You can do it in one line:
input = input.replaceAll("((?:" + str + ")+)?(?!" + str + ").((?:" + str + ")+)?", "$1+$2");
This optionally captures "123" either side of each character and puts them back (a blank if there's no "123"):
So instead of coming up with a regular expression that matches the absence of a string.
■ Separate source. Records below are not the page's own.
lemma orbit_proj_eq_imp_proportional:
  assumes "orbit_proj k m p = orbit_proj k m p'"
    and "0 < proj_scale k m p" "0 < proj_scale k m p'"
  shows "fst (p' i) j = (proj_scale k m p' / proj_scale k m p) * fst (p i) j"
    and "quat_product k p' = (proj_scale k m p' / proj_scale k m p) *\<^sub>R quat_product k p"
proof -
  let ?N = "proj_scale k m p" and ?N' = "proj_scale k m p'"
  have "fst (p i) j / ?N = fst (p' i) j / ?N'"
    using fun_cong[OF fun_cong[OF arg_cong[OF assms(1), of fst]], of i j]
    by (simp add: orbit_proj_eq)
  then show "fst (p' i) j = (?N' / ?N) * fst (p i) j"
    using assms(2,3) by (simp add: field_simps)
  have "(1 / ?N) *\<^sub>R quat_product k p = (1 / ?N') *\<^sub>R quat_product k p'"
    using arg_cong[OF assms(1), of snd] by (simp add: orbit_proj_eq)
  then have "?N' *\<^sub>R ((1 / ?N) *\<^sub>R quat_product k p) = quat_product k p'"
    using assms(3) by simp
  then show "quat_product k p' = (?N' / ?N) *\<^sub>R quat_product k p"
    by simp
qed

lemma orbit_proj_eq_imp_same_data:
  assumes p: "p \<in> sphere_prod k m" and p': "p' \<in> sphere_prod k m"
    and eq: "orbit_proj k m p = orbit_proj k m p'"
  shows "fst (p' i) = fst (p i)" and "quat_product k p' = quat_product k p"
    and "i < k \<Longrightarrow> norm (snd (p' i)) = norm (snd (p i))"
proof -
  let ?N = "proj_scale k m p" and ?N' = "proj_scale k m p'"
  have N: "0 < ?N" "0 < ?N'"
    using proj_scale_pos p p' by auto
  have "?N' / ?N \<le> 1"
    using orbit_proj_eq_imp_proportional[OF eq N]
    by (intro proportional_points_factor_le_1[OF p p']) (use N in auto)
  moreover have "?N / ?N' \<le> 1"
    using orbit_proj_eq_imp_proportional[OF eq[symmetric] N(2,1)]
    by (intro proportional_points_factor_le_1[OF p' p]) (use N in auto)
  ultimately have "?N' = ?N"
    using N by (simp add: divide_le_eq_1)
  then show fst_eq: "fst (p' i) = fst (p i)" for i
    using orbit_proj_eq_imp_proportional(1)[OF eq N] N by auto
  show "quat_product k p' = quat_product k p"
    using orbit_proj_eq_imp_proportional(2)[OF eq N] N \<open>?N' = ?N\<close> by simp
  assume "i < k"
  have "coord_sqnorm m p' i = coord_sqnorm m p i"
    by (simp add: coord_sqnorm_def fst_eq)
  then have "(norm (snd (p' i)))\<^sup>2 = (norm (snd (p i)))\<^sup>2"
    using sphere_prodD(1)[OF p \<open>i < k\<close>] sphere_prodD(1)[OF p' \<open>i < k\<close>] by linarith
  then show "norm (snd (p' i)) = norm (snd (p i))"
    by (rule power2_eq_imp_eq) simp_all
qed

definition boundary_gauge :: "nat \<Rightarrow> (nat \<Rightarrow> quat) \<Rightarrow> nat \<Rightarrow> quat" where
  "boundary_gauge k r i = (if i = 0 \<or> k \<le> i then hone else r (i - 1))"

lemma qt_act_eq:
  "qt_act k r p = (\<lambda>i. if i < k then
     (fst (p i), boundary_gauge k r i \<star> snd (p i) \<star> hinverse (boundary_gauge k r (Suc i)))
   else p i)"
proof (rule ext)
  fix i
  show "qt_act k r p i = (if i < k then
     (fst (p i), boundary_gauge k r i \<star> snd (p i) \<star> hinverse (boundary_gauge k r (Suc i)))
   else p i)"
  proof (cases "i < k")
    case True
    then have "(if i = k - 1 then hone else r i) = boundary_gauge k r (Suc i)"
      and "(if i = 0 then hone else r (i - 1)) = boundary_gauge k r i"
      by (auto simp: boundary_gauge_def)
    with True show ?thesis
      by (simp add: qt_act_def)
  qed (simp add: qt_act_def)
qed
We might as well just match the selected phrase and append + the number of skipped characters.
StringBuilder sb = new StringBuilder();
Matcher m = Pattern.compile(Pattern.quote(str)).matcher(input);
while (m.find()) {
for (int i = 0; i < m.start(); i++) sb.append('+');
sb.append(str);
}
int remaining = input.length() - sb.length();
for (int i = 0; i < remaining; i++) {
sb.append('+');
}
Absolutely just for the fun of it, a solution using CharBuffer (unexpectedly it took a lot more that I initially hoped for):
private static String plusOutCharBuffer(String input, String match) {
int size = match.length();
CharBuffer cb = CharBuffer.wrap(input.toCharArray());
CharBuffer word = CharBuffer.wrap(match);
int x = 0;
for (; cb.remaining() > 0;) {
if (!cb.subSequence(0, size < cb.remaining() ? size : cb.remaining()).equals(word)) {
cb.put(x, '+');
cb.clear().position(++x);
} else {
cb.clear().position(x = x + size);
}
}
return cb.clear().toString();
}
To make this work you need a beast of a pattern. Let's say you you are operating on the following test case as an example:
plusOut("abXYxyzXYZ", "XYZ") → "+++++++XYZ"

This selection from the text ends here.